◆ **Problem**
For the entries below, work out how many lines contain the string "assumes" and write only the number.

_____

(* Let $\mathbf{u}=(u_1,\dots,u_n)$ be a utility profile over $C$, $|C|=m$, and let $R\in\{R^C,R^V\}$. The game $G=(\mathcal{L},R,\mathbf{u})$ admits a PNE if and only if one of the following conditions holds: (1) all voters rank some candidate $c_j$ first; (2) each candidate is ranked first by at most one voter, and moreover $\frac{1}{n}\sum_{i\in N}u_\ell(a_i)\ge\max_{i\in N\setminus\{\ell\}}u_\ell(a_i)$ for each $\ell\in N$; (3) there exists a set of candidates $X=\{c_{\ell_1},\dots,c_{\ell_k}\}$ with $2\le k\le\min(n/2,m)$ and a partition of the voters into $k$ groups $N_1,\dots,N_k$ of size $n/k$ each such that for each $j\in[k]$ and each $i\in N_j$ we have $c_{\ell_j}\succ_i c$ for all $c\in X\setminus\{c_{\ell_j}\}$, and moreover $\frac{1}{k}\sum_{c\in X}u_i(c)\ge\max_{c\in X\setminus\{c_{\ell_j}\}}u_i(c)$. Further, if condition (1) holds for some $c_j\in C$, then if $R=R^C$, for each $i\in N$ the game $G$ has a PNE where $i$ votes for $c_j$ and all other voters abstain, whereas if $R=R^V$ the game $G$ has a PNE where all voters abstain; if condition (2) holds, then $G$ has a PNE where each voter votes for her top candidate; and if condition (3) holds for some set $X$, then $G$ has a PNE where each voter votes for her favorite candidate in $X$. The game $G$ has no other PNE.
   Context: Let $C=\{c_1,\dots,c_m\}$ be a set of candidates and $N=\{1,\dots,n\}$ a set of voters; $[k]=\{1,\dots,k\}$. Each voter $i$ has an injective utility function $u_i:C\to\mathbb{N}$; $\mathbf{u}=(u_1,\dots,u_n)$. Voter $i$'s preference $\succ_i$ is $c\succ_i c'$ iff $u_i(c)>u_i(c')$; $a_i$ is $i$'s top candidate. A ballot vector is $\mathbf{b}=(b_1,\dots,b_n)$ with $b_i\in C\cup\{\bot\}$ ($\bot$ = abstain). $(\mathbf{b}_{-i},b')$ denotes $\mathbf{b}$ with $b_i$ replaced by $b'$. $\mathrm{sc}(c,\mathbf{b})=|\{i:b_i=c\}|$, $M(\mathbf{b})=\max_c\mathrm{sc}(c,\mathbf{b})$, $W(\mathbf{b})=\{c:\mathrm{sc}(c,\mathbf{b})=M(\mathbf{b})\}$ (equal to $C$ if all abstain). If $|W(\mathbf{b})|=1$ its element wins; otherwise: under $R^C$ the winner is chosen uniformly at random from $W(\mathbf{b})$; under $R^V$ a voter $i\in N$ is chosen uniformly at random, and the winner is $b_i$ if $b_i\in W(\mathbf{b})$ and otherwise $i$'s most preferred candidate in $W(\mathbf{b})$. Let $p^X_j(\mathbf{b})$ denote the probability that $c_j$ wins under $R^X$. Fix $0<\varepsilon<\min\{1/m,1/n\}$. In the lazy setting $\mathcal{L}$, voter $i$'s utility is $U_i(\mathbf{b})=\sum_j p^X_j(\mathbf{b})u_i(c_j)$ if $b_i\in C$ and $\sum_j p^X_j(\mathbf{b})u_i(c_j)+\varepsilon$ if $b_i=\bot$. The game $(\mathcal{L},R,\mathbf{u})$ has players $N$, action sets $C\cup\{\bot\}$. A PNE is a ballot vector $\mathbf{b}$ with $U_i(\mathbf{b})\ge U_i(\mathbf{b}_{-i},b')$ for all $i\in N$ and all $b'\in C\cup\{\bot\}$. *)

theory Defs
  imports Complex_Main
begin

text \<open>Voting rules: R^C (random candidate tie-breaking) and R^V (random voter tie-breaking).\<close>
datatype rule = RC | RV

text \<open>Ballots: None = abstain (bottom), Some c = vote for c.\<close>

definition sc :: "'v set \<Rightarrow> ('v \<Rightarrow> 'c option) \<Rightarrow> 'c \<Rightarrow> nat" where
  "sc N b c = card {i \<in> N. b i = Some c}"

definition Wset :: "'v set \<Rightarrow> 'c set \<Rightarrow> ('v \<Rightarrow> 'c option) \<Rightarrow> 'c set" where
  "Wset N C b = {c \<in> C. sc N b c = Max (sc N b ` C)}"

text \<open>Voter i's most preferred candidate in S (well defined for injective utilities).\<close>
definition fav :: "('v \<Rightarrow> 'c \<Rightarrow> nat) \<Rightarrow> 'v \<Rightarrow> 'c set \<Rightarrow> 'c" where
  "fav u i S = (THE c. c \<in> S \<and> (\<forall>d\<in>S. d \<noteq> c \<longrightarrow> u i d < u i c))"

text \<open>Outcome under R^V when voter i is drawn.\<close>
definition vpick :: "('v \<Rightarrow> 'c \<Rightarrow> nat) \<Rightarrow> 'v set \<Rightarrow> 'c set \<Rightarrow> ('v \<Rightarrow> 'c option) \<Rightarrow> 'v \<Rightarrow> 'c" where
  "vpick u N C b i = (case b i of
      Some d \<Rightarrow> (if d \<in> Wset N C b then d else fav u i (Wset N C b))
    | None \<Rightarrow> fav u i (Wset N C b))"

definition winprob :: "rule \<Rightarrow> ('v \<Rightarrow> 'c \<Rightarrow> nat) \<Rightarrow> 'v set \<Rightarrow> 'c set \<Rightarrow> ('v \<Rightarrow> 'c option) \<Rightarrow> 'c \<Rightarrow> real" where
  "winprob R u N C b c =
    (if card (Wset N C b) = 1 then (if c \<in> Wset N C b then 1 else 0)
     else (case R of
       RC \<Rightarrow> (if c \<in> Wset N C b then 1 / real (card (Wset N C b)) else 0)
     | RV \<Rightarrow> real (card {i \<in> N. vpick u N C b i = c}) / real (card N)))"

definition lazy_util :: "rule \<Rightarrow> ('v \<Rightarrow> 'c \<Rightarrow> nat) \<Rightarrow> 'v set \<Rightarrow> 'c set \<Rightarrow> real \<Rightarrow> ('v \<Rightarrow> 'c option) \<Rightarrow> 'v \<Rightarrow> real" where
  "lazy_util R u N C \<epsilon> b i =
    (\<Sum>c\<in>C. winprob R u N C b c * real (u i c)) + (if b i = None then \<epsilon> else 0)"

definition ballots :: "'v set \<Rightarrow> 'c set \<Rightarrow> ('v \<Rightarrow> 'c option) set" where
  "ballots N C = {b. (\<forall>i\<in>N. b i \<in> insert None (Some ` C)) \<and> (\<forall>i. i \<notin> N \<longrightarrow> b i = None)}"

definition is_PNE :: "rule \<Rightarrow> ('v \<Rightarrow> 'c \<Rightarrow> nat) \<Rightarrow> 'v set \<Rightarrow> 'c set \<Rightarrow> real \<Rightarrow> ('v \<Rightarrow> 'c option) \<Rightarrow> bool" where
  "is_PNE R u N C \<epsilon> b \<longleftrightarrow> b \<in> ballots N C \<and>
     (\<forall>i\<in>N. \<forall>x\<in>insert None (Some ` C).
        lazy_util R u N C \<epsilon> (b(i := x)) i \<le> lazy_util R u N C \<epsilon> b i)"

definition cond1 :: "('v \<Rightarrow> 'c \<Rightarrow> nat) \<Rightarrow> 'v set \<Rightarrow> 'c set \<Rightarrow> 'c \<Rightarrow> bool" where
  "cond1 u N C c \<longleftrightarrow> c \<in> C \<and> (\<forall>i\<in>N. fav u i C = c)"

definition cond2 :: "('v \<Rightarrow> 'c \<Rightarrow> nat) \<Rightarrow> 'v set \<Rightarrow> 'c set \<Rightarrow> bool" where
  "cond2 u N C \<longleftrightarrow> inj_on (\<lambda>i. fav u i C) N \<and>
     (\<forall>l\<in>N. real (\<Sum>i\<in>N. u l (fav u i C)) / real (card N)
              \<ge> real (Max ((\<lambda>i. u l (fav u i C)) ` (N - {l}))))"

text \<open>Condition (3) for the candidate set X; the partition N_1..N_k is given by g : N \<rightarrow> X
  (N_j = voters mapped to c_{l_j}).\<close>
definition cond3 :: "('v \<Rightarrow> 'c \<Rightarrow> nat) \<Rightarrow> 'v set \<Rightarrow> 'c set \<Rightarrow> 'c set \<Rightarrow> bool" where
  "cond3 u N C X \<longleftrightarrow> X \<subseteq> C \<and> 2 \<le> card X \<and> 2 * card X \<le> card N \<and> card X \<le> card C \<and>
     (\<exists>g. (\<forall>i\<in>N. g i \<in> X) \<and>
          (\<forall>c\<in>X. card {i \<in> N. g i = c} * card X = card N) \<and>
          (\<forall>i\<in>N. \<forall>c\<in>X - {g i}. u i c < u i (g i)) \<and>
          (\<forall>i\<in>N. real (\<Sum>c\<in>X. u i c) / real (card X) \<ge> real (Max (u i ` (X - {g i})))))"

end

theory Submission
  imports Defs
begin

text \<open>
  The abstention bonus \<epsilon> is below 1/m and 1/n, so it never outweighs a deviation that
  makes a strictly better candidate win more often, but it rules out wasted votes. With no
  votes, a voter can make her favourite the unique winner; this only fails to pay under R^V
  when all voters share that favourite. A unique winner is kept by a single voter (any other
  vote could be withdrawn), and it must be everybody's favourite, as otherwise a second voter
  profits from a two-way tie; this forces R^C. In a tie among W every voter votes for her
  favourite in W, so each winner gets the same number M of votes; switching to another winner
  makes it the unique winner, which must not beat the voter's average over W, and for M = 1
  bringing a non-winner into the tie must not pay either, so she votes for her overall
  favourite. These are conditions (2) (M = 1) and (3) (M \<ge> 2); conversely, in such a profile
  every deviation either creates one of these outcomes or lowers the deviator's average.
\<close>

section \<open>Scores and winning sets\<close>

lemma fav_eqI:
  assumes "c \<in> S" "\<And>d. d \<in> S \<Longrightarrow> d \<noteq> c \<Longrightarrow> u i d < u i c"
  shows "fav u i S = c"
  unfolding fav_def
proof (rule the_equality)
  show "c \<in> S \<and> (\<forall>d\<in>S. d \<noteq> c \<longrightarrow> u i d < u i c)" using assms by blast
next
  fix x assume x: "x \<in> S \<and> (\<forall>d\<in>S. d \<noteq> x \<longrightarrow> u i d < u i x)"
  show "x = c"
  proof (rule ccontr)
    assume "x \<noteq> c"
    then have "u i c < u i x" "u i x < u i c" using x assms by auto
    then show False by simp
  qed
qed

lemma fav_greatest:
  assumes "finite S" "S \<noteq> {}" "inj_on (u i) S"
  shows "fav u i S \<in> S" and "\<And>d. d \<in> S \<Longrightarrow> d \<noteq> fav u i S \<Longrightarrow> u i d < u i (fav u i S)"
proof -
  have "Max (u i ` S) \<in> u i ` S" using assms(1,2) by simp
  then obtain c where c: "c \<in> S" "u i c = Max (u i ` S)" by auto
  have greater: "u i d < u i c" if "d \<in> S" "d \<noteq> c" for d
  proof -
    have "u i d \<le> u i c" using c that assms(1) by simp
    moreover have "u i d \<noteq> u i c" using inj_onD[OF assms(3)] c(1) that by blast
    ultimately show ?thesis by simp
  qed
  have "fav u i S = c" by (rule fav_eqI[where u = u and i = i, OF c(1) greater])
  then show "fav u i S \<in> S" "\<And>d. d \<in> S \<Longrightarrow> d \<noteq> fav u i S \<Longrightarrow> u i d < u i (fav u i S)"
    using c(1) greater by auto
qed

lemma sc_fun_upd:
  assumes "finite N" "i \<in> N"
  shows "sc N (b(i := x)) c + (if b i = Some c then 1 else 0) = sc N b c + (if x = Some c then 1 else 0)"
proof -
  let ?R = "{j \<in> N - {i}. b j = Some c}"
  have "{j \<in> N. (b(i := x)) j = Some c} = (if x = Some c then insert i ?R else ?R)"
       "{j \<in> N. b j = Some c} = (if b i = Some c then insert i ?R else ?R)"
    using assms(2) by auto
  moreover have "finite ?R" "i \<notin> ?R" using assms(1) by auto
  ultimately show ?thesis unfolding sc_def by auto
qed

lemma sc_pos_iff: "finite N \<Longrightarrow> 0 < sc N b c \<longleftrightarrow> (\<exists>i\<in>N. b i = Some c)"
  unfolding sc_def by (auto simp: card_gt_0_iff)

lemma sc_sole_vote: "i \<in> N \<Longrightarrow> sc N (\<lambda>v. if v = i then Some c else None) d = (if d = c then 1 else 0)"
  unfolding sc_def by (cases "d = c") auto

lemma sc_Wset: "c \<in> Wset N C b \<Longrightarrow> sc N b c = Max (sc N b ` C)"
  unfolding Wset_def by auto

lemma sc_le_Max: "finite C \<Longrightarrow> c \<in> C \<Longrightarrow> sc N b c \<le> Max (sc N b ` C)"
  by simp

lemma sc_less_Max: "finite C \<Longrightarrow> c \<in> C - Wset N C b \<Longrightarrow> sc N b c < Max (sc N b ` C)"
  unfolding Wset_def by (auto simp: le_neq_implies_less)

lemma Wset_subset: "Wset N C b \<subseteq> C"
  unfolding Wset_def by auto

lemma Wset_nonempty: "finite C \<Longrightarrow> C \<noteq> {} \<Longrightarrow> Wset N C b \<noteq> {}"
proof -
  assume "finite C" "C \<noteq> {}"
  then have "Max (sc N b ` C) \<in> sc N b ` C" by simp
  then show ?thesis unfolding Wset_def by auto
qed

lemma Wset_eqI:
  assumes "finite C" "S \<subseteq> C" "S \<noteq> {}"
    and "\<And>c. c \<in> S \<Longrightarrow> sc N b c = M" and "\<And>c. c \<in> C - S \<Longrightarrow> sc N b c < M"
  shows "Wset N C b = S"
proof -
  have "Max (sc N b ` C) = M"
  proof (rule Max_eqI)
    show "y \<le> M" if "y \<in> sc N b ` C" for y
      using that assms(4,5) by (auto intro: less_imp_le)
    obtain c where "c \<in> S" using assms(3) by blast
    then show "M \<in> sc N b ` C" using assms(2,4) by (metis image_eqI subsetD)
  qed (use assms(1) in simp)
  then have "c \<in> S" if "c \<in> C" "sc N b c = Max (sc N b ` C)" for c
    using that assms(5)[of c] by (cases "c \<in> S") auto
  then show ?thesis
    unfolding Wset_def using assms(2,4) \<open>Max (sc N b ` C) = M\<close> by auto
qed

lemma Wset_no_votes: "finite C \<Longrightarrow> C \<noteq> {} \<Longrightarrow> Wset N C (\<lambda>v. None) = C"
  by (rule Wset_eqI[where M = 0]) (auto simp: sc_def)

lemma Wset_sole_vote: "finite C \<Longrightarrow> i \<in> N \<Longrightarrow> c \<in> C \<Longrightarrow> Wset N C (\<lambda>v. if v = i then Some c else None) = {c}"
  by (rule Wset_eqI[where M = 1]) (auto simp: sc_sole_vote)

lemma Wset_vote_for_winner:
  assumes "finite N" "finite C" "i \<in> N" "d \<in> Wset N C b" "b i \<noteq> Some d"
  shows "Wset N C (b(i := Some d)) = {d}"
proof (rule Wset_eqI[where M = "Max (sc N b ` C) + 1"])
  show "sc N (b(i := Some d)) c < Max (sc N b ` C) + 1" if "c \<in> C - {d}" for c
  proof -
    have "sc N (b(i := Some d)) c \<le> sc N b c"
      using that sc_fun_upd[OF assms(1,3), of b "Some d" c] by auto
    then show ?thesis using that sc_le_Max[OF assms(2), of c N b] by simp
  qed
  show "sc N (b(i := Some d)) c = Max (sc N b ` C) + 1" if "c \<in> {d}" for c
    using that sc_fun_upd[OF assms(1,3), of b "Some d" d] sc_Wset[OF assms(4)] assms(5) by simp
qed (use assms(2,4) Wset_subset[of N C b] in auto)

_____

◆ **Exercise answer**
5